Question

A chain of mass m and length L is over hanging from the edge of a smooth horizontal table such that 3/4th of its length is lying on the table. The work done in pulling the chain completely on to the table is:
(A) $\dfrac{{mgl}}{{16}}$
(B) $\dfrac{{mgl}}{{32}}$
(C) $\dfrac{{3mgl}}{{32}}$
(D) $\dfrac{{mgl}}{8}$

Answer 1

Hint: We are looking for the work done in this problem. This could be calculated with the basic formula given by ${\text{dW = f}}{\text{.ds}}$ and integrating it up to the limit as force is not constant throughout.
Formula used: To calculate the amount of force, we use the equation:
${\text{dW = f}}{\text{.ds}}$
Here, $dw$ is the small amount of work being done,
${\text{f}}$ is the force applied.
${\text{ds}}$ is the small displacement,

Complete step by step answer:
It is already known that the weight of the hanging part $\left( {\dfrac{L}{4}} \right)$ of chain is $\dfrac{{Mg}}{4}$ .
The weight acts at the centre of gravity of the hanging part which is at a distance of $\left( {\dfrac{{3L}}{4}} \right)$ from the table.
${\text{dW = f}}{\text{.ds = }}\Delta {\text{P}}{\text{.E}}$
On solving further,
$W = \dfrac{{Mg}}{4} \times \dfrac{L}{8} = \dfrac{{MgL}}{{32}}$
So, we need to see from the above options, and select the correct value.

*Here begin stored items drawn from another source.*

lemma commute_quat:
  assumes "y * e1 = e1 * y" "y * e2 = e2 * y"
  shows "y * quat c0 c1 c2 c3 = quat c0 c1 c2 c3 * y"
proof -
  have "y * (e1 * e2) = e1 * e2 * y" by (metis assms mult.assoc)
  with assms show ?thesis
    unfolding quat_def distrib_left distrib_right
    by (simp add: mult_of_complex_left of_complex_commute[symmetric] mult.assoc)
qed

text \<open>Block \<open>(p, q)\<close> of \<open>P_(n+2)\<close> is \<open>Pblock p q * P_n\<close>, where the block of an index
  \<open>i < 2 d\<close> is \<open>d \<le> i\<close>; \<open>phi_block p q\<close> is block \<open>(p, q)\<close> of the claimed value of
  \<open>P_(n+2) (a I) P_(n+2)\<^sup>-\<^sup>1\<close>, in terms of the scalars \<open>phi_n(a\<^sub>k)\<close>.\<close>

definition Pblock :: "bool \<Rightarrow> bool \<Rightarrow> clf" where
  "Pblock p q =
    (if \<not> p \<and> \<not> q then quat (1/2) (1/(2*s)) 0 0
     else if \<not> p \<and> q then quat 0 0 (1/2) (- 1/(2*s))
     else if p \<and> \<not> q then quat 0 0 (1/(2*r)) (1/(2*r*s))
     else quat (1/2) (- 1/(2*s)) 0 0)"

definition phi_block :: "bool \<Rightarrow> bool \<Rightarrow> complex \<Rightarrow> complex \<Rightarrow> complex \<Rightarrow> complex \<Rightarrow> complex" where
  "phi_block p q g0 g1 g2 g3 =
    (if \<not> p \<and> \<not> q then g0 + s * g1
     else if \<not> p \<and> q then r * (g2 + s * g3)
     else if p \<and> \<not> q then g2 - s * g3
     else g0 - s * g1)"

lemma Pblock_conj_quat:
  "Pblock p False * quat g0 g1 g2 g3 * Pblock False q + Pblock p True * quat g0 g1 g2 g3 * Pblock True q
    = of_complex (phi_block p q g0 g1 g2 g3)"
proof -
  have "r \<noteq> 0" using s_square s_nonzero by auto
  then show ?thesis
    unfolding quat_of_complex[symmetric]
    by (cases p; cases q; simp only: Pblock_def phi_block_def if_True if_False simp_thms quat_mult quat_add;
        intro arg_cong4[where f = quat]; use s_nonzero in \<open>simp add: s_square[symmetric] field_simps\<close>; algebra)
qed
lemma inj_on_psi_digits:
  assumes "4 \<le> n" "even n"
  shows "inj_on (psi_digits n k) (alphabet n)"
proof -
  define B1 B2 B3 where "B1 = {1..4*n-4}"
    and "B2 = {4*n-3..4*n + n div 2 - 5}" and "B3 = {4*n + n div 2 - 4..5*n-6}"
  note on_B1 = psi_digits_boundary_block[of _ n, folded B1_def]
  note on_B2 = psi_digits_fixed_block[OF assms(1), folded B2_def]
  note on_B3 = psi_digits_switching_block[OF assms, folded B3_def]
  have half: "2 \<le> n div 2" "n div 2 + n div 2 = n"
    using assms by auto
  have "inj_on (psi_digits n k) B1"
    unfolding B1_def using assms(1) by (intro inj_on_psi_digits_boundary_block) simp
  moreover have "inj_on (psi_digits n k) B2"
    by (rule inj_onI) (simp add: on_B2 B2_def, arith)
  moreover have "inj_on (psi_digits n k) B3"
    by (rule inj_onI) (simp add: on_B3 B3_def, arith)
  moreover have "psi_digits n k ` B2 \<inter> psi_digits n k ` B3 = {}"
  proof -
    have "n div 2 \<le> fst (psi_digits n k j)" if "j \<in> B2" for j
      using that by (simp add: on_B2)
    moreover have "fst (psi_digits n k j) < n div 2" if "j \<in> B3" for j
      using that half by (simp add: on_B3 B3_def, linarith)
    ultimately show ?thesis
      by (fastforce simp: not_le[symmetric])
  qed
  moreover have "psi_digits n k ` B1 \<subseteq> set (boundary_corners n)"
    using length_boundary_corners[of n] assms by (auto simp: on_B1 B1_def)
  moreover have "psi_digits n k ` (B2 \<union> B3) \<inter> set (boundary_corners n) = {}"
  proof -
    have "psi_digits n k j \<in> {1..n-2} \<times> {1..2}" if "j \<in> B2 \<union> B3" for j
      using that half by (elim UnE) (simp_all add: on_B2 on_B3 B2_def B3_def, linarith+)
    then show ?thesis
      using assms by (fastforce simp: set_boundary_corners)
  qed
  ultimately show ?thesis
    unfolding alphabet_eq_blocks[OF assms(1)] B1_def[symmetric] B2_def[symmetric] B3_def[symmetric]
      inj_on_Un by blast
qed

lemma psi_digits_interior_letter:
  assumes "4 \<le> n"
  shows "psi_digits n k (4*n-3) = (n div 2, 1)"
  using assms unfolding psi_digits_def by auto

section \<open>The coding map in base n\<close>

lemma phi_aux_affine:
  "phi_aux n \<eta> pre w x = (1 / real n) ^ length w *\<^sub>R x + phi_aux n \<eta> pre w (0, 0)"
proof (induction w arbitrary: pre x)
  case Nil
  then show ?case by (simp add: zero_prod_def)
next
  case (Cons i w)
  show ?case
    using Cons[of "pre @ [i]" x] by (simp add: psi_def algebra_simps)
qed

lemma phi_aux_snoc:
  "phi_aux n \<eta> pre (w @ [a]) = phi_aux n \<eta> pre w \<circ> psi n (\<eta> (pre @ w)) a"
  by (induction w arbitrary: pre) auto

lemma prefix_word_Suc: "prefix_word \<tau> (Suc m) = prefix_word \<tau> m @ [\<tau> m]"
  unfolding prefix_word_def by simp

definition word_digits :: "nat \<Rightarrow> (nat list \<Rightarrow> nat) \<Rightarrow> (nat \<Rightarrow> nat) \<Rightarrow> nat \<Rightarrow> nat \<times> nat" where
  "word_digits n \<eta> \<tau> i = psi_digits n (\<eta> (prefix_word \<tau> i)) (\<tau> i)"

Thus, the correct answer is option B.

Additional Information: A force is said to do work when it acts on a body so that there is a displacement of the point of application in the direction of the force. Thus, a force does work when it results in movement. The same integration approach can be also applied to the work done by a constant force. This suggests that integrating the product of force and distance is the general way of determining the work done by a force on a moving body.

Note: The examples of variable force can be seen everywhere as all forces in the world are not constant. Constant force is just an ideal situation used in solving questions. Work may still be calculated as the area under the force- displacement curve.